HydraFlow's scenario test harness (MockWorld, ADR-0022) uses fake adapters — FakeGitHub, FakeGit, FakeDocker, FakeLLM — to replace real external services during tests. The problem: a fake that silently diverges from the real service is worse than no fake, because green tests hide broken code. Historically this manifested as "tests pass, but the first production call blows up on a field the fake didn't return" or "the fake's stdout shape was never what gh actually prints." As the number of fakes grew, the divergence risk compounded.

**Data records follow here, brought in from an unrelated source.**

lemma char_poly_root_power_if_power_eq_scalar:
  fixes A :: "rat mat" and l :: complex
  assumes A: "A \<in> carrier_mat n n" and At: "A ^\<^sub>m t = c \<cdot>\<^sub>m 1\<^sub>m n"
    and "poly (map_poly of_rat (char_poly A)) l = 0"
  shows "l ^ t = of_rat c"
proof -
  define A' where "A' = map_mat (of_rat :: rat \<Rightarrow> complex) A"
  have A': "A' \<in> carrier_mat n n" using A by (simp add: A'_def)
  have "eigenvalue A' l"
    using assms(3) A' by (simp add: eigenvalue_root_char_poly A'_def of_rat_hom.char_poly_hom[OF A])
  then obtain v where v: "eigenvector A' v l" unfolding eigenvalue_def by blast
  then have "v \<in> carrier_vec n" "v \<noteq> 0\<^sub>v n"
    using A' by (auto simp: eigenvector_def)
  have "A' ^\<^sub>m t = of_rat c \<cdot>\<^sub>m 1\<^sub>m n"
    unfolding A'_def of_rat_hom.mat_hom_pow[OF A, symmetric] At by (auto simp: of_rat_mult)
  then have eq: "of_rat c \<cdot>\<^sub>v v = l ^ t \<cdot>\<^sub>v v"
    using eigenvector_pow[OF A' v, of t] smult_one_mult_mat_vec[OF \<open>v \<in> carrier_vec n\<close>, of "of_rat c"] by simp
  obtain i where "i < n" "v $ i \<noteq> 0"
  proof (rule ccontr)
    assume "\<not> thesis"
    then have "v = 0\<^sub>v n" using that \<open>v \<in> carrier_vec n\<close> by (intro eq_vecI) auto
    with \<open>v \<noteq> 0\<^sub>v n\<close> show False ..
  qed
  moreover have "of_rat c * v $ i = l ^ t * v $ i"
    using arg_cong[OF eq, of "\<lambda>w. w $ i"] \<open>i < n\<close> \<open>v \<in> carrier_vec n\<close> by simp
  ultimately show ?thesis by simp
qed

lemma trace_eq_0_if_power_eq_scalar:
  fixes A :: "rat mat" and c :: rat
  assumes A: "A \<in> carrier_mat n n" and "t \<ge> 2" and At: "A ^\<^sub>m t = c \<cdot>\<^sub>m 1\<^sub>m n"
    and least: "\<And>g l. g \<noteq> 0 \<Longrightarrow> (l::complex) ^ t = of_rat c \<Longrightarrow> poly (map_poly of_rat g) l = 0 \<Longrightarrow> t \<le> degree g"
  shows "trace A = 0"
proof (cases "n = 0")
  case False
  have char_poly: "degree (char_poly A) = n" "coeff (char_poly A) n = 1"
    using degree_monic_char_poly[OF A] by auto
  have dvd: "t dvd j" if "coeff (char_poly A) j \<noteq> 0" for j
  proof (rule dvd_index_of_coeff_if_roots_binomial[OF _ least _ _ that])
    show "0 < t" using \<open>t \<ge> 2\<close> by simp
    show "char_poly A \<noteq> 0" using char_poly by auto
    show "l ^ t = of_rat c" if "poly (map_poly of_rat (char_poly A)) l = 0" for l :: complex
      using char_poly_root_power_if_power_eq_scalar[OF A At that] .
  qed
  have "coeff (char_poly A) (n - 1) = 0"
  proof (rule ccontr)
    assume "coeff (char_poly A) (n - 1) \<noteq> 0"
    then have "t dvd n - (n - 1)"
      using dvd dvd_diff_nat char_poly(2) by simp
    then show False
      using \<open>t \<ge> 2\<close> False by simp
  qed
  then show ?thesis
    using coeff_char_poly_trace[OF A] False by simp
qed (use A in \<open>simp add: trace_def\<close>)

section \<open>The trace form of a finite-dimensional Q-algebra of reals\<close>

interpretation Q: vector_space "\<lambda>(q::rat) (x::real). of_rat q * x"
  by unfold_locales (auto simp: algebra_simps of_rat_add of_rat_mult)

locale rat_algebra_basis =
  fixes B :: "real set"
  assumes finite_B: "finite B" and independent_B: "Q.independent B"
    and one_in_span: "1 \<in> Q.span B"
    and mult_in_span: "x \<in> Q.span B \<Longrightarrow> y \<in> Q.span B \<Longrightarrow> x * y \<in> Q.span B"
begin

definition basis_list :: "real list" where
  "basis_list = sorted_list_of_set B"

abbreviation d :: nat where
  "d \<equiv> card B"

definition mult_mat :: "real \<Rightarrow> rat mat" where
  "mult_mat w = mat d d (\<lambda>(i, j). Q.representation B (w * basis_list ! j) (basis_list ! i))"

definition trace_form :: "real \<Rightarrow> rat" where
  "trace_form w = trace (mult_mat w)"

lemma basis_list: "distinct basis_list" "set basis_list = B" "length basis_list = d"
  using finite_B by (simp_all add: basis_list_def)

lemma basis_list_nth_in_B: "i < d \<Longrightarrow> basis_list ! i \<in> B"
  using basis_list nth_mem by metis

lemma basis_list_nth_in_span: "i < d \<Longrightarrow> basis_list ! i \<in> Q.span B"
  by (simp add: basis_list_nth_in_B Q.span_base)

lemma representation_basis_list:
  "i < d \<Longrightarrow> j < d \<Longrightarrow> Q.representation B (basis_list ! j) (basis_list ! i) = (if i = j then 1 else 0)"
  using finite_B Q.representation_basis[OF independent_B basis_list_nth_in_B, of j]
  by (simp add: basis_list_def nth_eq_iff_index_eq)

lemma sum_B_conv_basis_list: "(\<Sum>b\<in>B. f b) = (\<Sum>l<d. f (basis_list ! l))"
  using sum.distinct_set_conv_list[OF basis_list(1), of f] basis_list(2,3)
  by (simp add: sum_list_sum_nth atLeast0LessThan)

lemma mult_mat_carrier: "mult_mat w \<in> carrier_mat d d"
  by (simp add: mult_mat_def)

lemma mult_mat_mult:
  assumes x: "x \<in> Q.span B" and y: "y \<in> Q.span B"
  shows "mult_mat (x * y) = mult_mat x * mult_mat y"
proof (rule eq_matI)
  fix i j assume "i < dim_row (mult_mat x * mult_mat y)" "j < dim_col (mult_mat x * mult_mat y)"
  then have i: "i < d" and j: "j < d" by (auto simp: mult_mat_def)
  let ?R = "Q.representation B"
  let ?b = "\<lambda>l. basis_list ! l"
  have yb: "y * ?b j \<in> Q.span B" using y j by (simp add: mult_in_span basis_list_nth_in_span)
  have xb: "of_rat c * (x * b) \<in> Q.span B" if "b \<in> B" for b c
    using x that by (simp add: mult_in_span Q.span_base Q.span_scale)
  have "x * y * ?b j = x * (\<Sum>b\<in>B. of_rat (?R (y * ?b j) b) * b)"
    using Q.sum_representation_eq[OF independent_B yb finite_B subset_refl] by (simp add: mult.assoc)
  also have "\<dots> = (\<Sum>b\<in>B. of_rat (?R (y * ?b j) b) * (x * b))"
    by (simp add: sum_distrib_left mult.left_commute)
  finally have "?R (x * y * ?b j) = (\<lambda>b'. \<Sum>b\<in>B. ?R (of_rat (?R (y * ?b j) b) * (x * b)) b')"
    using Q.representation_sum[OF independent_B xb] by simp
  then have "?R (x * y * ?b j) (?b i) = (\<Sum>b\<in>B. ?R (of_rat (?R (y * ?b j) b) * (x * b)) (?b i))"
    by simp
  also have "\<dots> = (\<Sum>b\<in>B. ?R (y * ?b j) b * ?R (x * b) (?b i))"
    using x by (intro sum.cong refl) (simp add: Q.representation_scale[OF independent_B] mult_in_span Q.span_base)
  also have "\<dots> = (\<Sum>l<d. ?R (x * ?b l) (?b i) * ?R (y * ?b j) (?b l))"
    by (simp add: sum_B_conv_basis_list mult.commute)
  finally show "mult_mat (x * y) $$ (i, j) = (mult_mat x * mult_mat y) $$ (i, j)"
    using i j by (simp add: mult_mat_def scalar_prod_def atLeast0LessThan)
qed (auto simp: mult_mat_def)

lemma mult_mat_of_rat: "mult_mat (of_rat c) = c \<cdot>\<^sub>m 1\<^sub>m d"
  by (rule eq_matI)
    (auto simp: mult_mat_def Q.representation_scale[OF independent_B basis_list_nth_in_span]
       representation_basis_list)

lemma mult_mat_power: "x \<in> Q.span B \<Longrightarrow> mult_mat (x ^ m) = mult_mat x ^\<^sub>m m"
proof (induction m)
  case 0
  have "1 \<cdot>\<^sub>m 1\<^sub>m d = (1\<^sub>m d :: rat mat)" by (rule eq_matI) auto
  then show ?case using mult_mat_of_rat[of 1] by (simp add: mult_mat_def)
next
  case (Suc m)
  have "x ^ m \<in> Q.span B"
    using Suc.prems by (induction m) (auto simp: one_in_span mult_in_span)
  have "mult_mat (x ^ Suc m) = mult_mat (x ^ m * x)"
    by (simp only: power_Suc2)
  also have "\<dots> = mult_mat x ^\<^sub>m Suc m"
    using Suc \<open>x ^ m \<in> Q.span B\<close> by (simp add: mult_mat_mult)
  finally show ?case .
qed

lemma trace_form_lincomb:
  assumes "\<And>i. i \<in> I \<Longrightarrow> x i \<in> Q.span B"
  shows "trace_form (\<Sum>i\<in>I. of_rat (q i) * x i) = (\<Sum>i\<in>I. q i * trace_form (x i))"
proof -
  have "Q.representation B ((\<Sum>i\<in>I. of_rat (q i) * x i) * w) = (\<lambda>b. \<Sum>i\<in>I. q i * Q.representation B (x i * w) b)"
    if "w \<in> Q.span B" for w
    using assms that
    by (simp add: sum_distrib_right mult.assoc Q.representation_sum[OF independent_B] Q.representation_scale[OF independent_B]
        Q.span_scale mult_in_span)
  then show ?thesis
    by (simp add: trace_form_def trace_def mult_mat_def basis_list_nth_in_span sum_distrib_left sum.swap[of _ I])
qed

lemma trace_form_one: "trace_form 1 \<noteq> 0"
proof -
  have "B \<noteq> {}" using one_in_span by auto
  then have "d > 0" using finite_B by auto
  then show ?thesis
    using mult_mat_of_rat[of 1] by (simp add: trace_form_def trace_def)
qed

lemma trace_form_radical:
  assumes z: "z \<in> Q.span B" "z > 0" "m > 0" "z ^ m \<in> \<rat>" "z \<notin> \<rat>"
  shows "trace_form z = 0"
proof -
  define t where "t = (LEAST t. 0 < t \<and> z ^ t \<in> \<rat>)"
  have t: "0 < t" "z ^ t \<in> \<rat>"
    using LeastI[of "\<lambda>t. 0 < t \<and> z ^ t \<in> \<rat>" m] z by (simp_all add: t_def)
  have t_least: "z ^ s \<notin> \<rat>" if "0 < s" "s < t" for s
    using not_less_Least[of s "\<lambda>t. 0 < t \<and> z ^ t \<in> \<rat>"] that by (simp add: t_def)
  have "t \<noteq> 1" using t z(5) by auto
  obtain c where c: "z ^ t = of_rat c" using t(2) by (auto elim: Rats_cases)
  show ?thesis
    unfolding trace_form_def
  proof (rule trace_eq_0_if_power_eq_scalar[OF mult_mat_carrier])
    show "2 \<le> t" using t(1) \<open>t \<noteq> 1\<close> by simp
    show "mult_mat z ^\<^sub>m t = c \<cdot>\<^sub>m 1\<^sub>m d"
      using mult_mat_power[OF z(1)] c mult_mat_of_rat by metis
    show "t \<le> degree g" if "g \<noteq> 0" "l ^ t = of_rat c" "poly (map_poly of_rat g) l = 0" for g and l :: complex
      using least_degree_binomial_root[OF z(2) c that(2) t_least that(1,3)] .
  qed
qed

We needed a way to: 1. Prove the fakes match the real services' observable behavior for the call shapes the code actually uses. 2. Detect drift automatically — if gh changes its output format, we must hear about it before production does. 3. Be cheap to maintain — the cassette corpus should update itself, not require a human to re-record every time an API changes.

Decision¶

Adopt a record/replay cassette pattern with three parts:

Part 1 — Cassette schema¶

Each cassette is a YAML file (or JSONL for streaming APIs) stored under tests/trust/contracts/cassettes/<adapter>/<scenario>.yaml with a strict pydantic model (tests/trust/contracts/_schema.py::Cassette). The schema includes: - adapter name (gated to the 4 known values). - input (command + args + stdin). - output (stdout + stderr + exit code). - normalizers (list of declarative field-normalizer names — e.g. pr_number, timestamps.ISO8601, sha:short) that strip volatile fields before compare. - recorded_at / recorder_sha for forensic tracing.

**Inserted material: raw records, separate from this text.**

definition missing_count :: "('i \<Rightarrow> 'a set set) \<Rightarrow> 'i set \<Rightarrow> 'a set \<Rightarrow> nat" where
  "missing_count G I e = card {i\<in>I. e \<notin> G i}"

definition cycle_cost :: "('i \<Rightarrow> 'a set set) \<Rightarrow> 'i set \<Rightarrow> 'a list \<Rightarrow> nat" where
  "cycle_cost G I vs = sum_list (map (missing_count G I) (cycle_edges vs))"

lemma cycle_cost_eq_sum:
  "cycle_cost G I vs = (\<Sum>j<length vs. missing_count G I (cycle_edge vs j))"
  by (simp add: cycle_cost_def sum_list_sum_nth atLeast0LessThan nth_cycle_edges)

lemma cycle_cost_rotate: "cycle_cost G I (rotate p vs) = cycle_cost G I vs"
  by (simp add: cycle_cost_def cycle_edges_rotate sum_list_rotate flip: rotate_map)

lemma card_mult_le_cycle_cost:
  assumes "T \<subseteq> {..<length vs}" "\<And>j. j \<in> T \<Longrightarrow> k \<le> missing_count G I (cycle_edge vs j)"
  shows "card T * k \<le> cycle_cost G I vs"
proof -
  have "card T * k \<le> (\<Sum>j\<in>T. missing_count G I (cycle_edge vs j))"
    using assms(2) sum_mono[of T "\<lambda>_. k"] by simp
  also have "\<dots> \<le> cycle_cost G I vs"
    unfolding cycle_cost_eq_sum using assms(1) by (intro sum_mono2) auto
  finally show ?thesis .
qed

lemma cycle_cost_rev_segment:
  assumes "seg \<noteq> []" "rest \<noteq> []"
  shows "cycle_cost G I (a # seg @ rest) + missing_count G I {a, last seg}
           + missing_count G I {hd seg, hd rest}
       = cycle_cost G I (a # rev seg @ rest) + missing_count G I {a, hd seg}
           + missing_count G I {last seg, hd rest}"
proof -
  have rest: "rest @ [a] = hd rest # (tl rest @ [a])"
    using assms(2) by simp
  have "cycle_edges (a # seg @ rest)
      = {a, hd seg} # path_edges seg @ {last seg, hd rest} # path_edges (rest @ [a])"
    using assms path_edges_append[of seg "hd rest" "tl rest @ [a]"]
    by (simp add: cycle_edges_def path_edges_Cons flip: rest)
  moreover have "cycle_edges (a # rev seg @ rest)
      = {a, last seg} # rev (path_edges seg) @ {hd seg, hd rest} # path_edges (rest @ [a])"
    using assms path_edges_append[of "rev seg" "hd rest" "tl rest @ [a]"]
    by (simp add: cycle_edges_def path_edges_Cons path_edges_rev hd_rev last_rev flip: rest)
  ultimately show ?thesis
    by (simp add: cycle_cost_def flip: rev_map)
qed

definition min_cost_cycle :: "('i \<Rightarrow> 'a set set) \<Rightarrow> 'i set \<Rightarrow> 'a list \<Rightarrow> bool" where
  "min_cost_cycle G I vs \<longleftrightarrow> distinct vs \<and>
     (\<forall>us. distinct us \<and> set us = set vs \<longrightarrow> cycle_cost G I vs \<le> cycle_cost G I us)"

lemma min_cost_cycle_exists:
  assumes "finite V"
  obtains vs where "set vs = V" "min_cost_cycle G I vs"
proof -
  let ?L = "{us. distinct us \<and> set us = V}"
  obtain vs0 where "vs0 \<in> ?L"
    using finite_distinct_list[OF assms] by blast
  then obtain vs where "vs \<in> ?L" "\<And>us. us \<in> ?L \<Longrightarrow> cycle_cost G I vs \<le> cycle_cost G I us"
    using ex_has_least_nat[of "\<lambda>us. us \<in> ?L" _ "cycle_cost G I"] by blast
  then show ?thesis
    using that by (auto simp: min_cost_cycle_def)
qed

lemma min_cost_cycle_rotate: "min_cost_cycle G I vs \<Longrightarrow> min_cost_cycle G I (rotate p vs)"
  by (simp add: min_cost_cycle_def cycle_cost_rotate)

(* Reversing the segment b, ..., w!k is the 2-opt move replacing the edges ab and
   (w!k)(w!(k+1)) by a(w!k) and b(w!(k+1)). *)
lemma min_cost_cycle_exchange:
  assumes "min_cost_cycle G I (a # b # w)" "k + 1 < length w"
  shows "missing_count G I {a, b} + missing_count G I {w ! k, w ! (k + 1)}
       \<le> missing_count G I {a, w ! k} + missing_count G I {b, w ! (k + 1)}"
proof -
  define seg where "seg = b # take (k + 1) w"
  define rest where "rest = drop (k + 1) w"
  have split: "a # b # w = a # seg @ rest"
    by (simp add: seg_def rest_def)
  have seg: "seg \<noteq> []" "hd seg = b" "last seg = w ! k"
    using assms(2) by (auto simp: seg_def last_conv_nth)
  have rest: "rest \<noteq> []" "hd rest = w ! (k + 1)"
    using assms(2) by (auto simp: rest_def hd_drop_conv_nth)
  have "cycle_cost G I (a # seg @ rest) \<le> cycle_cost G I (a # rev seg @ rest)"
    using assms(1) unfolding min_cost_cycle_def split by auto
  then show ?thesis
    using cycle_cost_rev_segment[OF seg(1) rest(1), of G I a] seg rest by simp
qed

definition missing_degree :: "('i \<Rightarrow> 'a set set) \<Rightarrow> 'i set \<Rightarrow> 'a set \<Rightarrow> 'a \<Rightarrow> nat" where
  "missing_degree G I V x = (\<Sum>u\<in>V - {x}. missing_count G I {x, u})"

lemma missing_degree_Cons:
  "distinct (x # us) \<Longrightarrow>
    missing_degree G I (set (x # us)) x = sum_list (map (\<lambda>u. missing_count G I {x, u}) us)"
  by (simp add: missing_degree_def sum_list_distinct_conv_sum_set)

lemma sum_nth_distinct: "distinct xs \<Longrightarrow> (\<Sum>k<length xs. f (xs ! k)) = (\<Sum>x\<in>set xs. f x)"
  by (simp add: sum_list_sum_nth atLeast0LessThan flip: sum_list_distinct_conv_sum_set)

lemma min_cost_cycle_path_bound:
  assumes "min_cost_cycle G I (a # b # w)"
  shows "(length w - 1) * missing_count G I {a, b} + sum_list (map (missing_count G I) (path_edges w))
       \<le> sum_list (map (\<lambda>u. missing_count G I {a, u}) (butlast w))
         + sum_list (map (\<lambda>u. missing_count G I {b, u}) (tl w))"
proof -
  let ?m = "missing_count G I"
  have "(\<Sum>k<length w - 1. ?m {a, b} + ?m {w ! k, w ! (k + 1)})
      \<le> (\<Sum>k<length w - 1. ?m {a, w ! k} + ?m {b, w ! (k + 1)})"
    by (intro sum_mono min_cost_cycle_exchange[OF assms]) simp
  then show ?thesis
    by (simp add: sum.distrib sum_list_sum_nth atLeast0LessThan nth_path_edges nth_butlast nth_tl)
qed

Part 2 — Per-adapter contract tests¶

One test_fake_<adapter>_contract.py per fake. Each loads committed cassettes and replays them against the fake via replay_cassette (tests/trust/contracts/_replay.py). Drift assertion: the normalized got output must equal the normalized expected output, byte-for-byte. Claude streams bypass the YAML schema and compare as normalized JSONL via _normalize_claude_stream in src/contract_diff.py.

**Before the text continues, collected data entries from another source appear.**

(* Let $q_1<q_2<\cdots$ be the primes, $\Pi(x)$ the prime-counting function, and let $\phi:\mathbb{N}_0\to\mathbb{N}_0$ be defined by $\phi(q_j)=q_{j+1}$ for every $j\ge1$ and $\phi(x)=0$ if $x$ is not prime (including $x=0$). Then $\phi(x)\neq x$ for all $x\in\mathbb{N}$ and $\phi$ has no cycle. Moreover, for $n\ge2$: (1) $M_n(\phi)$ is nilpotent of degree $\Pi(n)$. (2) For $1\le k\le\Pi(n)$, $M_n(\phi)^k=\sum_{j=1}^{\Pi(n)-k}E_n(q_{j+k},q_j)$ and $\#M_n(\phi)^k=\Pi(n)-k$. (3) $\widehat{M}_n(\phi)^{-1}=I+\sum_{1\le j<i\le\Pi(n)}E_n(q_i,q_j)$ and $\#\widehat{M}_n(\phi)^{-1}=n+\binom{\Pi(n)}{2}$.
   Context: $\mathbb{N}=\{1,2,\dots\}$, $\mathbb{N}_0=\mathbb{N}\cup\{0\}$, $D_n=\{1,\dots,n\}$, $D_{n,0}=D_n\cup\{0\}$. The local function $\phi_n:D_{n,0}\to D_{n,0}$ is $\phi_n(x)=\phi(x)$ if $x\in D_n$ and $\phi(x)\in D_n$, and $\phi_n(x)=0$ otherwise. A cycle of $\phi$ is given by $m\ge2$ and $x\in\mathbb{N}$ with $\phi^m(x)=x$. For $1\le i\le n$, $\mathbf{e}_i$ is the $i$-th unit vector in $\mathbb{Z}^n$ and $\mathbf{e}_0$ the zero vector; $E_n(i,j)=\mathbf{e}_i\mathbf{e}_j^t$. $M_n(\phi)$ is the $n\times n$ matrix whose $j$-th column is $\mathbf{e}_{\phi_n(j)}$, $\widehat{M}_n(\phi)=I-M_n(\phi)$. $\#A$ is the number of nonzero entries of $A$. A matrix $A$ is nilpotent of degree $k$ if $A^k=0$ and $A^{k-1}\ne0$. *)

theory Defs
  imports "HOL-Computational_Algebra.Primes" "HOL-Library.Infinite_Set" "Jordan_Normal_Form.Matrix"
begin

(* 1-indexed matrix conventions: the paper's entry (i,j), 1 <= i,j <= n, is
   the Jordan_Normal_Form entry (i-1, j-1). *)

definition loc_fun :: "(nat \<Rightarrow> nat) \<Rightarrow> nat \<Rightarrow> nat \<Rightarrow> nat" where
  "loc_fun \<phi> n x = (if x \<in> {1..n} \<and> \<phi> x \<in> {1..n} then \<phi> x else 0)"

text \<open>M_n(phi): the j-th column is e_{phi_n(j)} (e_0 = zero vector).\<close>
definition M_mat :: "nat \<Rightarrow> (nat \<Rightarrow> nat) \<Rightarrow> int mat" where
  "M_mat n \<phi> = mat n n (\<lambda>(i, j). if loc_fun \<phi> n (j + 1) = i + 1 then 1 else 0)"

definition M_hat :: "nat \<Rightarrow> (nat \<Rightarrow> nat) \<Rightarrow> int mat" where
  "M_hat n \<phi> = 1\<^sub>m n - M_mat n \<phi>"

Part 3 — Automated refresh (ContractRefreshLoop)¶

Weekly, ContractRefreshLoop (spec §4.2) re-records the corpus against the real services using recorders in src/contract_recording.py, normalizes via the declared normalizers, diffs against committed cassettes (src/contract_diff.py), and opens a refresh PR if drift is detected. After the PR opens, the loop re-runs make trust-contracts locally (the replay gate) — if it still fails with the new bytes, a fake-drift companion issue is filed for a human to triage because it means the fake's code (not just the cassette) needs updating.

Consequences¶

Positive: - Fakes now have a machine-checkable contract. A commit that changes FakeGitHub.create_pr's output shape breaks test_fake_github_contract.py until the cassette is re-recorded to match (which is the right signal — "you changed the fake, prove the contract still holds"). - Drift in the real API surfaces in a refresh PR, not in a production incident. A CI reviewer sees "contract-refresh: 2026-04-30 (github)" and auto-merges or triages. - New fake adapters follow the pattern mechanically: add a recorder to contract_recording.py, add cassettes, add a test_fake_<name>_contract.py, done.

Negative: - Cassette maintenance is a real cost. Every schema change to the fake requires re-recording. Mitigated by the automated refresh loop (weekly) and by the normalizer registry (volatile fields filtered automatically). - Live recording requires credentials (gh auth, Docker daemon, Claude CLI). The refresh loop gracefully no-ops on missing credentials — a tolerated partial state. - The 3-attempt escalation tracker in ContractRefreshLoop means a persistently-drifting adapter can take up to 3 weekly cycles to escalate to HITL. Acceptable tradeoff — most drift resolves in one refresh cycle.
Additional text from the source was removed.